#### [Problem to work on]
Look below. Copy each line that has "where" in it.

[Opening Data for this exercise section]

(* Consider the seven lines of a Fano plane, each carrying an orientation, and fix a reference orientation for each line. Let $P$ be the set of lines whose orientation agrees with the reference and $R$ the set of lines whose orientation is reversed, with $N(P)+N(R)=7$. For a line $l_1$, the operation $\mathrm{PL}(l_1)$ reverses the orientation of each of the six lines other than $l_1$ and leaves the orientation of $l_1$ unchanged. After performing $\mathrm{PL}(l_1)$: if $l_1\in P$ then the new count is $N(R)=N(P)-1$ (with $N(P)$ the count before the operation), and if $l_1\in R$ then the new count is $N(R)=N(P)+1$. Consequently, starting from a presentation with $N(R)=0$ (standard Type I box-kite), $N(R)=2$ (standard Type II box-kite), $N(R)=6$ (explosion of a Type I), or $N(R)\in\{4,6\}$ (explosion of a Type II), any subsequent operation $\mathrm{PL}(l_2)$ yields a presentation with $N(R)$ even.
   Context: Here the Fano plane presentation is that of a box-kite: seven nodes (six L-indices $a,\dots,f$ and the strut constant $S$ in the center) and seven lines (the trips), each oriented by its cyclic positive order of multiplication of the corresponding Cayley–Dickson basis units. The reference orientation is that of a standard Type I box-kite. $\mathrm{PL}(l)$ is the operation of adding a new high power of two $g$ to the four nodes not on the line $l$ (which, by Rule 2 of the Cayley–Dickson sign conventions, reverses exactly the six lines other than $l$). *)

theory Defs
  imports Main
begin

definition fano_lines :: "nat set set" where
  "fano_lines = {{0,1,3},{1,2,4},{2,3,5},{3,4,6},{4,5,0},{5,6,1},{6,0,2}}"

text \<open>An orientation assignment: for each line, True iff its orientation agrees with the
  fixed reference orientation, False iff it is reversed.\<close>
type_synonym orientation = "nat set \<Rightarrow> bool"

definition P_lines :: "orientation \<Rightarrow> nat set set" where
  "P_lines \<sigma> = {l \<in> fano_lines. \<sigma> l}"

definition R_lines :: "orientation \<Rightarrow> nat set set" where
  "R_lines \<sigma> = {l \<in> fano_lines. \<not> \<sigma> l}"

definition N :: "nat set set \<Rightarrow> nat" where
  "N A = card A"

definition PL :: "nat set \<Rightarrow> orientation \<Rightarrow> orientation" where
  "PL l \<sigma> = (\<lambda>m. if m = l then \<sigma> m else \<not> \<sigma> m)"

end

theory Submission
  imports Defs
begin

(* The lines reversed in PL l \<sigma> are exactly the lines positive in \<sigma>, except that l keeps
   its sign; hence N (R_lines (PL l \<sigma>)) = N (P_lines \<sigma>) \<mp> 1. Since N P + N R = 7 is odd,
   an even N R forces an odd N P, and so an even count after any PL. *)

lemma finite_fano_lines: "finite fano_lines"
  by (simp add: fano_lines_def)

lemma card_fano_lines: "card fano_lines = 7"
proof -
  \<comment> \<open>The point sums 4, 7, 10, 13, 9, 12, 8 of the lines are distinct.\<close>
  have "inj_on Sum fano_lines"
    by (auto simp: fano_lines_def inj_on_def)
  then have "card fano_lines = card (Sum ` fano_lines)"
    by (simp add: card_image)
  also have "Sum ` fano_lines = {4, 7, 10, 13, 9, 12, 8 :: nat}"
    by (simp add: fano_lines_def)
  finally show ?thesis by simp
qed

lemma finite_P_lines: "finite (P_lines \<sigma>)"
  by (simp add: P_lines_def finite_fano_lines)

lemma N_P_lines_plus_N_R_lines: "N (P_lines \<sigma>) + N (R_lines \<sigma>) = 7"
proof -
  have "P_lines \<sigma> \<union> R_lines \<sigma> = fano_lines" "P_lines \<sigma> \<inter> R_lines \<sigma> = {}"
    by (auto simp: P_lines_def R_lines_def)
  then show ?thesis
    unfolding N_def
    by (metis card_Un_disjoint card_fano_lines finite_Un finite_fano_lines)
qed

lemma R_lines_PL:
  assumes "l \<in> fano_lines"
  shows "R_lines (PL l \<sigma>) = (if \<sigma> l then P_lines \<sigma> - {l} else insert l (P_lines \<sigma>))"
  using assms by (auto simp: R_lines_def P_lines_def PL_def)

lemma N_R_lines_PL_of_P_lines:
  assumes "l \<in> P_lines \<sigma>"
  shows "N (R_lines (PL l \<sigma>)) = N (P_lines \<sigma>) - 1"
  using assms R_lines_PL[of l \<sigma>] finite_P_lines[of \<sigma>]
  by (simp add: N_def P_lines_def)

lemma N_R_lines_PL_of_R_lines:
  assumes "l \<in> R_lines \<sigma>"
  shows "N (R_lines (PL l \<sigma>)) = N (P_lines \<sigma>) + 1"
  using assms R_lines_PL[of l \<sigma>] finite_P_lines[of \<sigma>]
  by (simp add: N_def P_lines_def R_lines_def)

lemma even_N_R_lines_PL:
  assumes "l \<in> fano_lines" and "even (N (R_lines \<sigma>))"
  shows "even (N (R_lines (PL l \<sigma>)))"
proof -
  have odd_P: "odd (N (P_lines \<sigma>))"
    using N_P_lines_plus_N_R_lines[of \<sigma>] assms(2) by (metis even_add odd_numeral)
  show ?thesis
  proof (cases "\<sigma> l")
    case True
    then have "l \<in> P_lines \<sigma>" using assms(1) by (simp add: P_lines_def)
    with odd_P show ?thesis by (simp add: N_R_lines_PL_of_P_lines)
  next
    case False
    then have "l \<in> R_lines \<sigma>" using assms(1) by (simp add: R_lines_def)
    with odd_P show ?thesis by (simp add: N_R_lines_PL_of_R_lines)
  qed
qed

theorem lemma3:
  shows "(\<forall>\<sigma>. N (P_lines \<sigma>) + N (R_lines \<sigma>) = 7)
    \<and> (\<forall>\<sigma> l1. l1 \<in> fano_lines \<longrightarrow>
         (l1 \<in> P_lines \<sigma> \<longrightarrow> N (R_lines (PL l1 \<sigma>)) = N (P_lines \<sigma>) - 1)
       \<and> (l1 \<in> R_lines \<sigma> \<longrightarrow> N (R_lines (PL l1 \<sigma>)) = N (P_lines \<sigma>) + 1))
    \<and> (\<forall>\<sigma> l2. l2 \<in> fano_lines \<longrightarrow> N (R_lines \<sigma>) \<in> {0, 2, 4, 6} \<longrightarrow>
         even (N (R_lines (PL l2 \<sigma>))))"
proof (intro conjI allI impI)
  fix \<sigma> l2
  assume "l2 \<in> fano_lines" and "N (R_lines \<sigma>) \<in> {0, 2, 4, 6}"
  then show "even (N (R_lines (PL l2 \<sigma>)))"
    by (intro even_N_R_lines_PL) auto
qed (simp_all add: N_P_lines_plus_N_R_lines N_R_lines_PL_of_P_lines N_R_lines_PL_of_R_lines)

end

[Closing Data for this exercise section]

#### [Response to this task]
definition fano_lines :: "nat set set" where
definition P_lines :: "orientation \<Rightarrow> nat set set" where
definition R_lines :: "orientation \<Rightarrow> nat set set" where
definition N :: "nat set set \<Rightarrow> nat" where
definition PL :: "nat set \<Rightarrow> orientation \<Rightarrow> orientation" where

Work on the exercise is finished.